*Aim of the task*.
Show every line below where "refl" can be found.

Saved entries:
lemma sum_cmod_qapply_le_op_norm:
  "(\<Sum>x\<in>qbasis d n. (cmod (\<Sum>y\<in>qbasis d n. A x y * v y))\<^sup>2)
     \<le> (op_norm d n A)\<^sup>2 * (\<Sum>y\<in>qbasis d n. (cmod (v y))\<^sup>2)"
proof -
  let ?B = "qbasis d n" and ?N = "\<Sum>y\<in>qbasis d n. (cmod (v y))\<^sup>2"
  consider "?N = 0" | "?N > 0"
    by (metis (no_types, lifting) sum_nonneg zero_le_power2 order_le_less)
  then show ?thesis
  proof cases
    case 1
    then have "\<forall>y\<in>?B. v y = 0"
      by (simp add: sum_nonneg_eq_0_iff)
    then show ?thesis by simp
  next
    case 2
    define s where "s = sqrt ?N"
    have "s > 0" "s\<^sup>2 = ?N"
      using 2 by (simp_all add: s_def)
    define u where "u y = v y / complex_of_real s" for y
    have "(\<Sum>y\<in>?B. (cmod (u y))\<^sup>2) = 1"
      using \<open>s > 0\<close> \<open>s\<^sup>2 = ?N\<close> 2
      by (simp add: u_def norm_divide power_divide flip: sum_divide_distrib)
    have u_apply: "(\<Sum>y\<in>?B. A x y * u y) = (\<Sum>y\<in>?B. A x y * v y) / complex_of_real s" for x
      unfolding u_def by (simp add: sum_divide_distrib)
    have cmod_div: "(cmod (z / complex_of_real s))\<^sup>2 = (cmod z)\<^sup>2 / s\<^sup>2" for z
      using \<open>s > 0\<close> by (simp add: norm_divide power_divide)
    have "(\<Sum>x\<in>?B. (cmod (\<Sum>y\<in>?B. A x y * u y))\<^sup>2)
        = (\<Sum>x\<in>?B. (cmod (\<Sum>y\<in>?B. A x y * v y))\<^sup>2) / s\<^sup>2"
      unfolding u_apply cmod_div by (simp add: sum_divide_distrib)
    with sqrt_le_D[OF op_norm_ge_unit[OF \<open>(\<Sum>y\<in>?B. (cmod (u y))\<^sup>2) = 1\<close>, of A]]
    have "(\<Sum>x\<in>?B. (cmod (\<Sum>y\<in>?B. A x y * v y))\<^sup>2) / s\<^sup>2 \<le> (op_norm d n A)\<^sup>2"
      by simp
    then show ?thesis
      using \<open>s\<^sup>2 = ?N\<close> 2 by (simp add: pos_divide_le_eq)
  qed
qed

lemma hs_norm_eq_1_iff_sum:
  assumes "0 < d"
  shows "hs_norm d n A = 1 \<longleftrightarrow> (\<Sum>x\<in>qbasis d n. \<Sum>z\<in>qbasis d n. (cmod (A x z))\<^sup>2) = real d ^ n"
proof -
  have "Re (qtrace d n (qmult d n (qadj A) A)) = (\<Sum>z\<in>qbasis d n. \<Sum>x\<in>qbasis d n. (cmod (A x z))\<^sup>2)"
    by (simp add: qtrace_def qmult_def qadj_def Re_sum cnj_mult_self)
  also have "\<dots> = (\<Sum>x\<in>qbasis d n. \<Sum>z\<in>qbasis d n. (cmod (A x z))\<^sup>2)"
    by (rule sum.swap)
  finally have "Re (qtrace d n (qmult d n (qadj A) A)) = (\<Sum>x\<in>qbasis d n. \<Sum>z\<in>qbasis d n. (cmod (A x z))\<^sup>2)" .
  moreover have "sqrt (s / real d ^ n) = 1 \<longleftrightarrow> s = real d ^ n" for s
    using assms by auto
  ultimately show ?thesis
    unfolding hs_norm_def by presburger
qed

lemma sum_cmod_qmult_left_le:
  "(\<Sum>x\<in>qbasis d n. \<Sum>z\<in>qbasis d n. (cmod (qmult d n H A x z))\<^sup>2)
     \<le> (op_norm d n H)\<^sup>2 * (\<Sum>x\<in>qbasis d n. \<Sum>z\<in>qbasis d n. (cmod (A x z))\<^sup>2)"
proof -
  let ?B = "qbasis d n"
  have "(\<Sum>x\<in>?B. \<Sum>z\<in>?B. (cmod (qmult d n H A x z))\<^sup>2) = (\<Sum>z\<in>?B. \<Sum>x\<in>?B. (cmod (\<Sum>w\<in>?B. H x w * A w z))\<^sup>2)"
    unfolding qmult_def by (rule sum.swap)
  also have "\<dots> \<le> (\<Sum>z\<in>?B. (op_norm d n H)\<^sup>2 * (\<Sum>w\<in>?B. (cmod (A w z))\<^sup>2))"
    by (intro sum_mono sum_cmod_qapply_le_op_norm)
  also have "\<dots> = (op_norm d n H)\<^sup>2 * (\<Sum>x\<in>?B. \<Sum>z\<in>?B. (cmod (A x z))\<^sup>2)"
    unfolding sum_distrib_left by (rule sum.swap)
  finally show ?thesis .
qed

lemma sum_cmod_qmult_right_le:
  assumes "hermitian_op d n H"
  shows "(\<Sum>x\<in>qbasis d n. \<Sum>z\<in>qbasis d n. (cmod (qmult d n A H x z))\<^sup>2)
     \<le> (op_norm d n H)\<^sup>2 * (\<Sum>x\<in>qbasis d n. \<Sum>z\<in>qbasis d n. (cmod (A x z))\<^sup>2)"
proof -
  let ?B = "qbasis d n"
  have "qmult d n A H x z = cnj (\<Sum>w\<in>?B. H z w * cnj (A x w))" if "z \<in> ?B" for x z
    unfolding qmult_def cnj_sum
  proof (rule sum.cong[OF refl])
    fix w assume "w \<in> ?B"
    then have "H w z = cnj (H z w)"
      using assms that unfolding hermitian_op_def by blast
    then show "A x w * H w z = cnj (H z w * cnj (A x w))"
      by simp
  qed
  then have "(\<Sum>x\<in>?B. \<Sum>z\<in>?B. (cmod (qmult d n A H x z))\<^sup>2)
      = (\<Sum>x\<in>?B. \<Sum>z\<in>?B. (cmod (\<Sum>w\<in>?B. H z w * cnj (A x w)))\<^sup>2)"
    by (intro sum.cong refl) (simp only: complex_mod_cnj)
  also have "\<dots> \<le> (\<Sum>x\<in>?B. (op_norm d n H)\<^sup>2 * (\<Sum>w\<in>?B. (cmod (cnj (A x w)))\<^sup>2))"
    by (intro sum_mono sum_cmod_qapply_le_op_norm)
  also have "\<dots> = (op_norm d n H)\<^sup>2 * (\<Sum>x\<in>?B. \<Sum>z\<in>?B. (cmod (A x z))\<^sup>2)"
    by (simp add: sum_distrib_left)
  finally show ?thesis .
qed

lemma sqrt_sum_cmod_pauli_coeff_le:
  assumes "(\<Sum>x\<in>qbasis d n. \<Sum>z\<in>qbasis d n. (cmod (A x z))\<^sup>2) \<le> C\<^sup>2 * real d ^ n" "0 \<le> C"
  shows "sqrt (\<Sum>a\<in>pauli_idx d n. (cmod (pauli_coeff d n A a))\<^sup>2) \<le> real d ^ n * C"
proof -
  have "(\<Sum>a\<in>pauli_idx d n. (cmod (pauli_coeff d n A a))\<^sup>2) \<le> (real d ^ n * C)\<^sup>2"
    unfolding pauli_parseval_norm using mult_left_mono[OF assms(1), of "real d ^ n"]
    by (simp add: power2_eq_square mult_ac)
  then show ?thesis
    using assms(2) by (simp add: real_le_lsqrt)
qed

lemma sum_cmod_mult_le:
  assumes "sqrt (\<Sum>a\<in>A. (cmod (f a))\<^sup>2) \<le> F" "sqrt (\<Sum>a\<in>A. (cmod (g a))\<^sup>2) \<le> G"
  shows "(\<Sum>a\<in>A. cmod (f a) * cmod (g a)) \<le> F * G"
proof -
  have "(\<Sum>a\<in>A. cmod (f a) * cmod (g a)) \<le> sqrt (\<Sum>a\<in>A. (cmod (f a))\<^sup>2) * sqrt (\<Sum>a\<in>A. (cmod (g a))\<^sup>2)"
    using L2_set_mult_ineq[of "\<lambda>a. cmod (f a)" "\<lambda>a. cmod (g a)" A] by (simp add: L2_set_def)
  also have "\<dots> \<le> F * G"
  proof -
    have "0 \<le> sqrt (\<Sum>a\<in>A. (cmod (f a))\<^sup>2)" "0 \<le> sqrt (\<Sum>a\<in>A. (cmod (g a))\<^sup>2)"
      by (simp_all add: sum_nonneg)
    then show ?thesis
      using assms by (intro mult_mono')
  qed
  finally show ?thesis .
qed

lemma pauli_coeff_heisenberg_deriv:
  "pauli_coeff d n (heisenberg_deriv d n H Op) a
     = - \<i> * (pauli_coeff d n (qmult d n H Op) a - pauli_coeff d n (qmult d n Op H) a)"
  unfolding pauli_coeff_eq heisenberg_deriv_def
  by (simp only: right_diff_distrib left_diff_distrib mult.assoc sum_subtractf flip: sum_distrib_left)

lemma sum_abs_Re_pauli_coeff_heisenberg_deriv_le:
  assumes "0 < d" "hermitian_op d n H" "hs_norm d n Op = 1"
  shows "(\<Sum>a\<in>pauli_idx d n. \<bar>2 * Re (cnj (pauli_coeff d n Op a) * pauli_coeff d n (heisenberg_deriv d n H Op) a)\<bar>)
     \<le> 4 * real d ^ (2 * n) * op_norm d n H"
proof -
  let ?P = "pauli_idx d n" and ?c = "\<lambda>a. cmod (pauli_coeff d n Op a)"
    and ?h = "\<lambda>a. cmod (pauli_coeff d n (qmult d n H Op) a)"
    and ?o = "\<lambda>a. cmod (pauli_coeff d n (qmult d n Op H) a)"
  define N where "N = real d ^ n"
  have Op_sum: "(\<Sum>x\<in>qbasis d n. \<Sum>z\<in>qbasis d n. (cmod (Op x z))\<^sup>2) = N"
    using assms(1,3) hs_norm_eq_1_iff_sum by (simp add: N_def)
  have c_le: "sqrt (\<Sum>a\<in>?P. (?c a)\<^sup>2) \<le> N"
    unfolding pauli_parseval_norm Op_sum by (simp add: N_def)
  have "sqrt (\<Sum>a\<in>?P. (?h a)\<^sup>2) \<le> N * op_norm d n H"
    using sum_cmod_qmult_left_le[of d n H Op] op_norm_nonneg[OF assms(1)]
    unfolding Op_sum N_def by (rule sqrt_sum_cmod_pauli_coeff_le)
  with c_le have ch_le: "(\<Sum>a\<in>?P. ?c a * ?h a) \<le> N * (N * op_norm d n H)"
    by (rule sum_cmod_mult_le)
  have "sqrt (\<Sum>a\<in>?P. (?o a)\<^sup>2) \<le> N * op_norm d n H"
    using sum_cmod_qmult_right_le[OF assms(2), of Op] op_norm_nonneg[OF assms(1)]
    unfolding Op_sum N_def by (rule sqrt_sum_cmod_pauli_coeff_le)
  with c_le have co_le: "(\<Sum>a\<in>?P. ?c a * ?o a) \<le> N * (N * op_norm d n H)"
    by (rule sum_cmod_mult_le)
  have term_le: "\<bar>2 * Re (cnj (pauli_coeff d n Op a) * pauli_coeff d n (heisenberg_deriv d n H Op) a)\<bar>
      \<le> 2 * (?c a * ?h a) + 2 * (?c a * ?o a)" for a
  proof -
    have "\<bar>Re (cnj (pauli_coeff d n Op a) * pauli_coeff d n (heisenberg_deriv d n H Op) a)\<bar>
        \<le> cmod (cnj (pauli_coeff d n Op a) * pauli_coeff d n (heisenberg_deriv d n H Op) a)"
      by (rule abs_Re_le_cmod)
    also have "\<dots> = ?c a * cmod (pauli_coeff d n (qmult d n H Op) a - pauli_coeff d n (qmult d n Op H) a)"
      by (simp add: pauli_coeff_heisenberg_deriv norm_mult)
    also have "\<dots> \<le> ?c a * (?h a + ?o a)"
      by (intro mult_left_mono norm_triangle_ineq4) auto
    finally show ?thesis
      by (simp add: algebra_simps)
  qed
  have "(\<Sum>a\<in>?P. \<bar>2 * Re (cnj (pauli_coeff d n Op a) * pauli_coeff d n (heisenberg_deriv d n H Op) a)\<bar>)
      \<le> (\<Sum>a\<in>?P. 2 * (?c a * ?h a) + 2 * (?c a * ?o a))"
    by (rule sum_mono) (rule term_le)
  also have "\<dots> = 2 * (\<Sum>a\<in>?P. ?c a * ?h a) + 2 * (\<Sum>a\<in>?P. ?c a * ?o a)"
    by (simp add: sum.distrib sum_distrib_left)
  also have "\<dots> \<le> 4 * (N * N) * op_norm d n H"
    using ch_le co_le by (simp add: algebra_simps)
  also have "N * N = real d ^ (2 * n)"
    by (simp add: N_def mult_2 power_add)
  finally show ?thesis .
qed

*Solution for this task*.
  proof (rule sum.cong[OF refl])
    by (intro sum.cong refl) (simp only: complex_mod_cnj)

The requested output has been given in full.